··· Records shown
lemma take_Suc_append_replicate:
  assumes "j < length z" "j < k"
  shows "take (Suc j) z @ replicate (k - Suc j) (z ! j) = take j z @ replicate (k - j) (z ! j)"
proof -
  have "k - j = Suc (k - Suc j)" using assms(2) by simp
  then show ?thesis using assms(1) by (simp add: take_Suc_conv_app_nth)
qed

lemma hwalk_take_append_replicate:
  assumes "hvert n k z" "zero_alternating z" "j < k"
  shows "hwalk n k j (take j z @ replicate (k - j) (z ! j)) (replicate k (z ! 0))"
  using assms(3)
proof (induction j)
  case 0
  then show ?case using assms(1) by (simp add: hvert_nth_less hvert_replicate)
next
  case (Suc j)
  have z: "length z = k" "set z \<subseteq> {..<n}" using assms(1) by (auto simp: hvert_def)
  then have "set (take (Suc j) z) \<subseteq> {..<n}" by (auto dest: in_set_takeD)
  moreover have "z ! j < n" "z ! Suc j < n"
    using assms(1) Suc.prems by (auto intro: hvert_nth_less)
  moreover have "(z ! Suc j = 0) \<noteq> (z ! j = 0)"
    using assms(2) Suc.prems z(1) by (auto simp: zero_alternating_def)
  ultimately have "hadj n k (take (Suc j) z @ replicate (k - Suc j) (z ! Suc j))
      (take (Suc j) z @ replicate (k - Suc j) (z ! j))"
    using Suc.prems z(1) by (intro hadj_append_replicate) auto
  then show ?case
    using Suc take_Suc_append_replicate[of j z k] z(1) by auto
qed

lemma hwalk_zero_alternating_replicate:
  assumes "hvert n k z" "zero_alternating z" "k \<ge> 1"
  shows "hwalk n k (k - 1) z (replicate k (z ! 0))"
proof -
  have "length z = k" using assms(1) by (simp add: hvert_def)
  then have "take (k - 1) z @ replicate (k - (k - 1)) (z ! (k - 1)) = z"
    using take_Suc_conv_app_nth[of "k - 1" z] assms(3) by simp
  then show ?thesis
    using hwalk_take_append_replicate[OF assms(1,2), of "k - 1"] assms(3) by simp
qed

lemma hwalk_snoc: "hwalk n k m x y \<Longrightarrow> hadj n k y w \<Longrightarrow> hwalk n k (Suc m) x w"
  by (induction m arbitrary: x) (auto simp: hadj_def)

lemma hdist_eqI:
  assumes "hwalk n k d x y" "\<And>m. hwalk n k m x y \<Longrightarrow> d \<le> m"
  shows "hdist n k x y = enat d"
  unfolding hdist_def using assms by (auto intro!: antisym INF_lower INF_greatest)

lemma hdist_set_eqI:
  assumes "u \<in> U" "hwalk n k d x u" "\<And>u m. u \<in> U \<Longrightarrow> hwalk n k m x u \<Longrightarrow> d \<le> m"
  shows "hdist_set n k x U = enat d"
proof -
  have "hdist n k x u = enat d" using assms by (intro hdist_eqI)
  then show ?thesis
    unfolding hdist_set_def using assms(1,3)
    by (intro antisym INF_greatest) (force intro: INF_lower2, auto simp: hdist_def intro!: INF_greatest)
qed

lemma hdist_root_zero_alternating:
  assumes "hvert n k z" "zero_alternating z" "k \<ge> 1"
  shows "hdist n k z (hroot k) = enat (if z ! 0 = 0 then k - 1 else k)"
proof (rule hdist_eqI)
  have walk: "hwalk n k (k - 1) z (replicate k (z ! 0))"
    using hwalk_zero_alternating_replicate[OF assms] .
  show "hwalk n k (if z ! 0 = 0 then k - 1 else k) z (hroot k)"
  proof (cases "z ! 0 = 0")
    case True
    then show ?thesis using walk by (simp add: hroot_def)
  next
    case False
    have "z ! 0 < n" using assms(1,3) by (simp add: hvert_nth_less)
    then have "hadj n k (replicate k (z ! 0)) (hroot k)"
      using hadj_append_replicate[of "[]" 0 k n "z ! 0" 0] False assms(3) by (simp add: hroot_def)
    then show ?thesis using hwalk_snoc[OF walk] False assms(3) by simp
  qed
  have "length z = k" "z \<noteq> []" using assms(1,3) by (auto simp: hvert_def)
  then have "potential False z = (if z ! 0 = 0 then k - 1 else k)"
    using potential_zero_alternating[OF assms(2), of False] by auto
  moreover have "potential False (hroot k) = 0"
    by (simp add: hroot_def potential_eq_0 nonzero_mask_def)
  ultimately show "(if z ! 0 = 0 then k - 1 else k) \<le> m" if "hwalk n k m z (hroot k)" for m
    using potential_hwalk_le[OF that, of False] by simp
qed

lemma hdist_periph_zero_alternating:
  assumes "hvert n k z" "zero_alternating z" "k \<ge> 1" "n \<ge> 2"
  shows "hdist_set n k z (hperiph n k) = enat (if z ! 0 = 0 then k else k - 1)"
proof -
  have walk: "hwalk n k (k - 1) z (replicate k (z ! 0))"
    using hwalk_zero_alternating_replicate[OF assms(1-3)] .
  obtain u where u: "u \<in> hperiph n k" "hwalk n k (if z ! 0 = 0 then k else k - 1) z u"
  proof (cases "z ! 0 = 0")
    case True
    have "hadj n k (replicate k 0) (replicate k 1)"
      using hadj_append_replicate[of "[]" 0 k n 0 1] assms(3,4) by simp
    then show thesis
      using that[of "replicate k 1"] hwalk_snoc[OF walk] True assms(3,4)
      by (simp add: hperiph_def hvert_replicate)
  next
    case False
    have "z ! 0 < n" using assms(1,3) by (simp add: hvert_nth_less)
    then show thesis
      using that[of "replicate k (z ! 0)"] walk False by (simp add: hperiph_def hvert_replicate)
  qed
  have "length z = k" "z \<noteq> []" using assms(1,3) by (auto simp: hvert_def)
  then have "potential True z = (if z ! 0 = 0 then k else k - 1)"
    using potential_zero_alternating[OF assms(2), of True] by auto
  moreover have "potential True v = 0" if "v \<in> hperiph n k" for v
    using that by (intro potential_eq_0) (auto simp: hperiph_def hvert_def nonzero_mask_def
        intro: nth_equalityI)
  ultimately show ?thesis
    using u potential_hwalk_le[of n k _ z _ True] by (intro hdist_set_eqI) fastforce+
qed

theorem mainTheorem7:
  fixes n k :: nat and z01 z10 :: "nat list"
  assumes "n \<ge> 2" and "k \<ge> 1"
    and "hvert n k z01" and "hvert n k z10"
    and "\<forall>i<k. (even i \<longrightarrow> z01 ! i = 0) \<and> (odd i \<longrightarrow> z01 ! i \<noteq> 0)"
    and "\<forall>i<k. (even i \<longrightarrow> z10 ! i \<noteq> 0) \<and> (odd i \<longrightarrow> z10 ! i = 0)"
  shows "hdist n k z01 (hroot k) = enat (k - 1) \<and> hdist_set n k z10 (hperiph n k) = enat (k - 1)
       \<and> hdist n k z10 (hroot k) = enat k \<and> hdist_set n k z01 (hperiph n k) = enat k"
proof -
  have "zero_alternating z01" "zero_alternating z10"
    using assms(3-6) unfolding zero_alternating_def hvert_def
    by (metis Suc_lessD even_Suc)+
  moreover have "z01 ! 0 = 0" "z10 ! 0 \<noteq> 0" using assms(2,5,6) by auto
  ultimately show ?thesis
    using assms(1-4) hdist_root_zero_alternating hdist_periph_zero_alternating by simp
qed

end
······
→ **What is needed**
Reproduce the records above in full and with exact wording.

→ **Output for this exercise**
lemma take_Suc_append_replicate:
  assumes "j < length z" "j < k"
  shows "take (Suc j) z @ replicate (k - Suc j) (z ! j) = take j z @ replicate (k - j) (z ! j)"
proof -
  have "k - j = Suc (k - Suc j)" using assms(2) by simp
  then show ?thesis using assms(1) by (simp add: take_Suc_conv_app_nth)
qed

lemma hwalk_take_append_replicate:
  assumes "hvert n k z" "zero_alternating z" "j < k"
  shows "hwalk n k j (take j z @ replicate (k - j) (z ! j)) (replicate k (z ! 0))"
  using assms(3)
proof (induction j)
  case 0
  then show ?case using assms(1) by (simp add: hvert_nth_less hvert_replicate)
next
  case (Suc j)
  have z: "length z = k" "set z \<subseteq> {..<n}" using assms(1) by (auto simp: hvert_def)
  then have "set (take (Suc j) z) \<subseteq> {..<n}" by (auto dest: in_set_takeD)
  moreover have "z ! j < n" "z ! Suc j < n"
    using assms(1) Suc.prems by (auto intro: hvert_nth_less)
  moreover have "(z ! Suc j = 0) \<noteq> (z ! j = 0)"
    using assms(2) Suc.prems z(1) by (auto simp: zero_alternating_def)
  ultimately have "hadj n k (take (Suc j) z @ replicate (k - Suc j) (z ! Suc j))
      (take (Suc j) z @ replicate (k - Suc j) (z ! j))"
    using Suc.prems z(1) by (intro hadj_append_replicate) auto
  then show ?case
    using Suc take_Suc_append_replicate[of j z k] z(1) by auto
qed

lemma hwalk_zero_alternating_replicate:
  assumes "hvert n k z" "zero_alternating z" "k \<ge> 1"
  shows "hwalk n k (k - 1) z (replicate k (z ! 0))"
proof -
  have "length z = k" using assms(1) by (simp add: hvert_def)
  then have "take (k - 1) z @ replicate (k - (k - 1)) (z ! (k - 1)) = z"
    using take_Suc_conv_app_nth[of "k - 1" z] assms(3) by simp
  then show ?thesis
    using hwalk_take_append_replicate[OF assms(1,2), of "k - 1"] assms(3) by simp
qed

lemma hwalk_snoc: "hwalk n k m x y \<Longrightarrow> hadj n k y w \<Longrightarrow> hwalk n k (Suc m) x w"
  by (induction m arbitrary: x) (auto simp: hadj_def)

lemma hdist_eqI:
  assumes "hwalk n k d x y" "\<And>m. hwalk n k m x y \<Longrightarrow> d \<le> m"
  shows "hdist n k x y = enat d"
  unfolding hdist_def using assms by (auto intro!: antisym INF_lower INF_greatest)

lemma hdist_set_eqI:
  assumes "u \<in> U" "hwalk n k d x u" "\<And>u m. u \<in> U \<Longrightarrow> hwalk n k m x u \<Longrightarrow> d \<le> m"
  shows "hdist_set n k x U = enat d"
proof -
  have "hdist n k x u = enat d" using assms by (intro hdist_eqI)
  then show ?thesis
    unfolding hdist_set_def using assms(1,3)
    by (intro antisym INF_greatest) (force intro: INF_lower2, auto simp: hdist_def intro!: INF_greatest)
qed

lemma hdist_root_zero_alternating:
  assumes "hvert n k z" "zero_alternating z" "k \<ge> 1"
  shows "hdist n k z (hroot k) = enat (if z ! 0 = 0 then k - 1 else k)"
proof (rule hdist_eqI)
  have walk: "hwalk n k (k - 1) z (replicate k (z ! 0))"
    using hwalk_zero_alternating_replicate[OF assms] .
  show "hwalk n k (if z ! 0 = 0 then k - 1 else k) z (hroot k)"
  proof (cases "z ! 0 = 0")
    case True
    then show ?thesis using walk by (simp add: hroot_def)
  next
    case False
    have "z ! 0 < n" using assms(1,3) by (simp add: hvert_nth_less)
    then have "hadj n k (replicate k (z ! 0)) (hroot k)"
      using hadj_append_replicate[of "[]" 0 k n "z ! 0" 0] False assms(3) by (simp add: hroot_def)
    then show ?thesis using hwalk_snoc[OF walk] False assms(3) by simp
  qed
  have "length z = k" "z \<noteq> []" using assms(1,3) by (auto simp: hvert_def)
  then have "potential False z = (if z ! 0 = 0 then k - 1 else k)"
    using potential_zero_alternating[OF assms(2), of False] by auto
  moreover have "potential False (hroot k) = 0"
    by (simp add: hroot_def potential_eq_0 nonzero_mask_def)
  ultimately show "(if z ! 0 = 0 then k - 1 else k) \<le> m" if "hwalk n k m z (hroot k)" for m
    using potential_hwalk_le[OF that, of False] by simp
qed

lemma hdist_periph_zero_alternating:
  assumes "hvert n k z" "zero_alternating z" "k \<ge> 1" "n \<ge> 2"
  shows "hdist_set n k z (hperiph n k) = enat (if z ! 0 = 0 then k else k - 1)"
proof -
  have walk: "hwalk n k (k - 1) z (replicate k (z ! 0))"
    using hwalk_zero_alternating_replicate[OF assms(1-3)] .
  obtain u where u: "u \<in> hperiph n k" "hwalk n k (if z ! 0 = 0 then k else k - 1) z u"
  proof (cases "z ! 0 = 0")
    case True
    have "hadj n k (replicate k 0) (replicate k 1)"
      using hadj_append_replicate[of "[]" 0 k n 0 1] assms(3,4) by simp
    then show thesis
      using that[of "replicate k 1"] hwalk_snoc[OF walk] True assms(3,4)
      by (simp add: hperiph_def hvert_replicate)
  next
    case False
    have "z ! 0 < n" using assms(1,3) by (simp add: hvert_nth_less)
    then show thesis
      using that[of "replicate k (z ! 0)"] walk False by (simp add: hperiph_def hvert_replicate)
  qed
  have "length z = k" "z \<noteq> []" using assms(1,3) by (auto simp: hvert_def)
  then have "potential True z = (if z ! 0 = 0 then k else k - 1)"
    using potential_zero_alternating[OF assms(2), of True] by auto
  moreover have "potential True v = 0" if "v \<in> hperiph n k" for v
    using that by (intro potential_eq_0) (auto simp: hperiph_def hvert_def nonzero_mask_def
        intro: nth_equalityI)
  ultimately show ?thesis
    using u potential_hwalk_le[of n k _ z _ True] by (intro hdist_set_eqI) fastforce+
qed

theorem mainTheorem7:
  fixes n k :: nat and z01 z10 :: "nat list"
  assumes "n \<ge> 2" and "k \<ge> 1"
    and "hvert n k z01" and "hvert n k z10"
    and "\<forall>i<k. (even i \<longrightarrow> z01 ! i = 0) \<and> (odd i \<longrightarrow> z01 ! i \<noteq> 0)"
    and "\<forall>i<k. (even i \<longrightarrow> z10 ! i \<noteq> 0) \<and> (odd i \<longrightarrow> z10 ! i = 0)"
  shows "hdist n k z01 (hroot k) = enat (k - 1) \<and> hdist_set n k z10 (hperiph n k) = enat (k - 1)
       \<and> hdist n k z10 (hroot k) = enat k \<and> hdist_set n k z01 (hperiph n k) = enat k"
proof -
  have "zero_alternating z01" "zero_alternating z10"
    using assms(3-6) unfolding zero_alternating_def hvert_def
    by (metis Suc_lessD even_Suc)+
  moreover have "z01 ! 0 = 0" "z10 ! 0 \<noteq> 0" using assms(2,5,6) by auto
  ultimately show ?thesis
    using assms(1-4) hdist_root_zero_alternating hdist_periph_zero_alternating by simp
qed

end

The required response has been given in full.